Explain lambda functions and when you would use them in DevOps scripts.

Lambda is an anonymous function: `lambda x: x * 2`. Use for short, throwaway operations passed to map/filter/sort. Example: sort servers by port: `sorted(servers, key=lambda s: s["port"])`. Avoid complex logic in lambda—use def for readability instead.

🎯 Intermediate-Level Questions

Applied knowledge; expected on senior roles.

How would you safely read and modify a large configuration file without risking data loss if the script crashes mid-write?

Write to a temporary file, then atomically rename it to the target. Temp files ensure incomplete writes don't corrupt the config. Pattern: 1. Read original, 2. Write to temp file, 3. Rename temp to original. If crash during 1-2, original remains untouched; rename is atomic.

Design a log parser that handles various log formats (JSON, plain text with different patterns) and groups errors by service and error type. What data structures would you use?

Use defaultdict(defaultdict(int)): outer key is service, inner key is error_type, value is count. For parsing variety: check if JSON first (json.loads), fall back to regex patterns. Regex should capture service name and error category. Output aggregated results as dict or JSON for downstream processing.

Explain exception hierarchy. Why catch specific exceptions instead of bare except?

Python exceptions inherit from BaseException. Specific catching (FileNotFoundError, TimeoutError) lets you handle each error appropriately—retry timeout, skip missing file, raise on unexpected errors. Bare except() hides bugs and is dangerous—never use it. Good pattern: specific exceptions first, generic Exception as fallback, never catch BaseException.

You need to query three APIs in sequence (each depends on previous result). Design this workflow with proper error handling and logging.

Nest API calls with try/except at each level. Log before each call + result. Example: 1. Get users (log "Fetching users..."), 2. For each user, get details, 3. For each detail, get metrics. Catch specific errors (HTTP 404=skip, 500=retry, parse error=log&skip). Chain dependencies explicitly—don't proceed if upstream fails.

When should you use subprocess vs cloud SDKs for cloud operations?

Use SDKs when available (azure-mgmt-compute, kubernetes client)—they're type-safe, handle auth/retries. Use subprocess for tools not in SDKs (kubectl, docker, terraform) or when SDK is overkill. SDKs are preferable for production; subprocess is pragmatic for CLIs and older systems.

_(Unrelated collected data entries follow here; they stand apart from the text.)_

lemma in_Ph_plus: "in_Ph_plus h \<mu>"
proof -
  have "(\<integral>\<^sup>+y. (\<integral>\<^sup>+u\<in>{0<..}. ennreal (min 1 (h u * y)) \<partial>lborel) \<partial>\<mu>) \<le> (\<integral>\<^sup>+y. ennreal y \<partial>\<mu>)"
  proof (rule nn_integral_mono_AE)
    show "AE y in \<mu>. (\<integral>\<^sup>+u\<in>{0<..}. ennreal (min 1 (h u * y)) \<partial>lborel) \<le> ennreal y"
      using E.AE_nonneg
      by eventually_elim (use W.nn_integral_min_h_le in \<open>simp add: E.R.emeasure_space_1\<close>)
  qed
  also have "\<dots> = ennreal (\<integral>y. y \<partial>\<mu>)"
    by (rule nn_integral_eq_integral[OF E.integrable_id E.AE_nonneg])
  finally show ?thesis
    using E.law by (simp add: in_Ph_plus_def le_less_trans)
qed

lemma nn_integral_one_minus_laplace_st_comp_h:
  assumes s: "0 \<le> s"
  shows "(\<integral>\<^sup>+u\<in>{0<..}. ennreal (1 - laplace_st \<mu> (s * h u)) \<partial>lborel)
    = ennreal (- ln (laplace_st \<mu> s))"
proof -
  have "1 - laplace_st \<mu> (s * c) = c * ((1 - laplace_st \<mu> (s * c)) / c)" if "0 \<le> c" for c
    using that by (cases "c = 0") (simp_all add: E.laplace_st_0)
  then have "(\<integral>\<^sup>+u\<in>{0<..}. ennreal (1 - laplace_st \<mu> (s * h u)) \<partial>lborel)
      = (\<integral>\<^sup>+u\<in>{0<..}. ennreal (h u * ((1 - laplace_st \<mu> (s * h u)) / h u)) \<partial>lborel)"
    by (intro nn_integral_cong) (auto simp: indicator_def W.h_nonneg E.laplace_st_0)
  also have "\<dots> = (\<integral>\<^sup>+a. ennreal ((1 - laplace_st \<mu> (s * a)) / a) \<partial>\<rho>)"
    by (rule W.nn_integral_h_mult_comp) measurable
  also have "\<dots> = ennreal (- ln (laplace_st \<mu> s))"
    by (rule E.nn_integral_one_minus_laplace_st_div[OF s])
  finally show ?thesis .
qed

lemma set_integral_laplace_st_comp_h:
  assumes s: "0 \<le> s"
  shows "set_integrable lborel {0<..} (\<lambda>u. laplace_st \<mu> (s * h u) - 1)"
    and "(\<integral>u\<in>{0<..}. (laplace_st \<mu> (s * h u) - 1) \<partial>lborel) = ln (laplace_st \<mu> s)"
proof -
  define g where "g u = indicator {0<..} u *\<^sub>R (1 - laplace_st \<mu> (s * h u))" for u
  have "g \<in> borel_measurable borel"
    unfolding g_def by (rule W.borel_measurable_indicator_comp_h) measurable
  moreover have "AE u in lborel. 0 \<le> g u"
    using s by (auto simp: g_def indicator_def W.h_nonneg intro!: E.laplace_st_le_1)
  moreover have "(\<integral>\<^sup>+u. ennreal (g u) \<partial>lborel) = ennreal (- ln (laplace_st \<mu> s))"
    unfolding nn_integral_one_minus_laplace_st_comp_h[OF s, symmetric]
    by (intro nn_integral_cong) (simp add: g_def indicator_def)
  moreover have "0 \<le> - ln (laplace_st \<mu> s)"
    using E.laplace_st_pos[OF s] E.laplace_st_le_1[OF s] by simp
  ultimately have "integrable lborel g" and "integral\<^sup>L lborel g = - ln (laplace_st \<mu> s)"
    by (simp_all add: nn_integral_eq_integrable)
  moreover have "(\<lambda>u. indicator {0<..} u *\<^sub>R (laplace_st \<mu> (s * h u) - 1)) = (\<lambda>u. - g u)"
    by (simp add: g_def fun_eq_iff algebra_simps)
  ultimately show "set_integrable lborel {0<..} (\<lambda>u. laplace_st \<mu> (s * h u) - 1)"
    and "(\<integral>u\<in>{0<..}. (laplace_st \<mu> (s * h u) - 1) \<partial>lborel) = ln (laplace_st \<mu> s)"
    by (simp_all add: set_integrable_def set_lebesgue_integral_def)
qed

lemma shot_noise_fixed_point: "shot_noise_fixed_point h 1 \<mu>"
proof -
  have "\<mu> \<noteq> return borel 0"
    using E.mean_pos by (auto simp: integral_return)
  then show ?thesis
    using in_Ph_plus set_integral_laplace_st_comp_h E.laplace_st_pos
    by (simp add: shot_noise_fixed_point_def)
qed

end

theorem proposition2p1:
  fixes \<rho> \<mu> :: "real measure" and h :: "real \<Rightarrow> real"
  assumes rho_prob: "prob_space \<rho>" and rho_sets: "sets \<rho> = sets borel"
    and A_pos: "AE a in \<rho>. 0 < a"
    and Elog_neg: "(\<integral>\<^sup>+ a. ennreal (max 0 (ln a)) \<partial>\<rho>) < (\<integral>\<^sup>+ a. ennreal (max 0 (- ln a)) \<partial>\<rho>)"
    and mu_sol: "solves_eq2 \<rho> \<mu>"
    and h_nonneg: "\<And>u. 0 < u \<Longrightarrow> 0 \<le> h u"
    and h_mono: "\<And>u v. 0 < u \<Longrightarrow> u \<le> v \<Longrightarrow> h v \<le> h u"
    and h_rcont: "\<And>u. 0 < u \<Longrightarrow> continuous (at_right u) h"
    and h_rho: "\<And>B. B \<in> sets borel \<Longrightarrow> B \<subseteq> {0<..} \<Longrightarrow>
        (\<integral>\<^sup>+ u. ennreal (indicator B (h u) * h u) * indicator {0<..} u \<partial>lborel) = emeasure \<rho> B"
  shows "(\<integral>\<^sup>+ z. ennreal (h z) * indicator {0<..} z \<partial>lborel) = 1
    \<and> (\<integral>\<^sup>+ z. ennreal (max 0 (h z * ln (h z))) * indicator {0<..} z \<partial>lborel)
           < (\<integral>\<^sup>+ z. ennreal (max 0 (- (h z * ln (h z)))) * indicator {0<..} z \<partial>lborel)
    \<and> shot_noise_fixed_point h 1 \<mu>"
proof -
  have "antimono_on {0<..} h"
    using h_mono by (auto intro: monotone_onI)
  then have "h \<in> borel_measurable (restrict_space borel {0<..})"
    by (rule borel_measurable_antimono_on)
  then have "weighted_pushforward \<rho> h"
    using rho_sets A_pos h_nonneg h_rho by (intro weighted_pushforward.intro)
  moreover have "eq2_solution \<rho> \<mu>"
    using rho_prob rho_sets A_pos mu_sol by (rule eq2_solution.intro)
  ultimately interpret shot_noise_setting \<rho> \<mu> h
    by (rule shot_noise_setting.intro)
  have ennreal_max_0: "ennreal (max 0 x) = ennreal x" for x :: real
    by (simp add: max_def ennreal_neg)
  have "(\<integral>\<^sup>+z\<in>{0<..}. ennreal (h z) \<partial>lborel) = 1"
    by (simp add: W.nn_integral_h E.R.emeasure_space_1)
  moreover have "(\<integral>\<^sup>+z\<in>{0<..}. ennreal (max 0 (h z * ln (h z))) \<partial>lborel)
      = (\<integral>\<^sup>+a. ennreal (max 0 (ln a)) \<partial>\<rho>)"
    and "(\<integral>\<^sup>+z\<in>{0<..}. ennreal (max 0 (- (h z * ln (h z)))) \<partial>lborel)
      = (\<integral>\<^sup>+a. ennreal (max 0 (- ln a)) \<partial>\<rho>)"
    using W.nn_integral_h_mult_comp[of ln] W.nn_integral_h_mult_comp[of "\<lambda>a. - ln a"]
    by (simp_all add: ennreal_max_0)
  ultimately show ?thesis
    using Elog_neg shot_noise_fixed_point by simp
qed

end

🎯 Scenario-Based Questions

Real-world decision-making; tests judgment and trade-offs.

Your deployment script runs 100 times per day. It's slow because it makes sequential API calls to check each pod's health. How would you optimize it?

Use concurrent requests (threading/asyncio). Python's requests library + ThreadPoolExecutor: submit 20 requests in parallel, wait for results. Or use batch APIs (list all pods in one call + parse, not one call per pod). Add caching (in-memory dict with TTL) to avoid redundant checks within seconds. Profile to find bottleneck—is it network latency, parsing, or logic?

A junior team member's script hardcodes production service credentials. How do you fix this and prevent future incidents?

1. Immediately rotate credentials (they're compromised). 2. Read from environment variables: `os.getenv("API_KEY")`. 3. Use secure vaults (Azure Key Vault, AWS Secrets Manager) for production. 4. Add pre-commit hooks to catch secrets in code. 5. Code review policy: no secrets ever. Review all existing code for leaked credentials.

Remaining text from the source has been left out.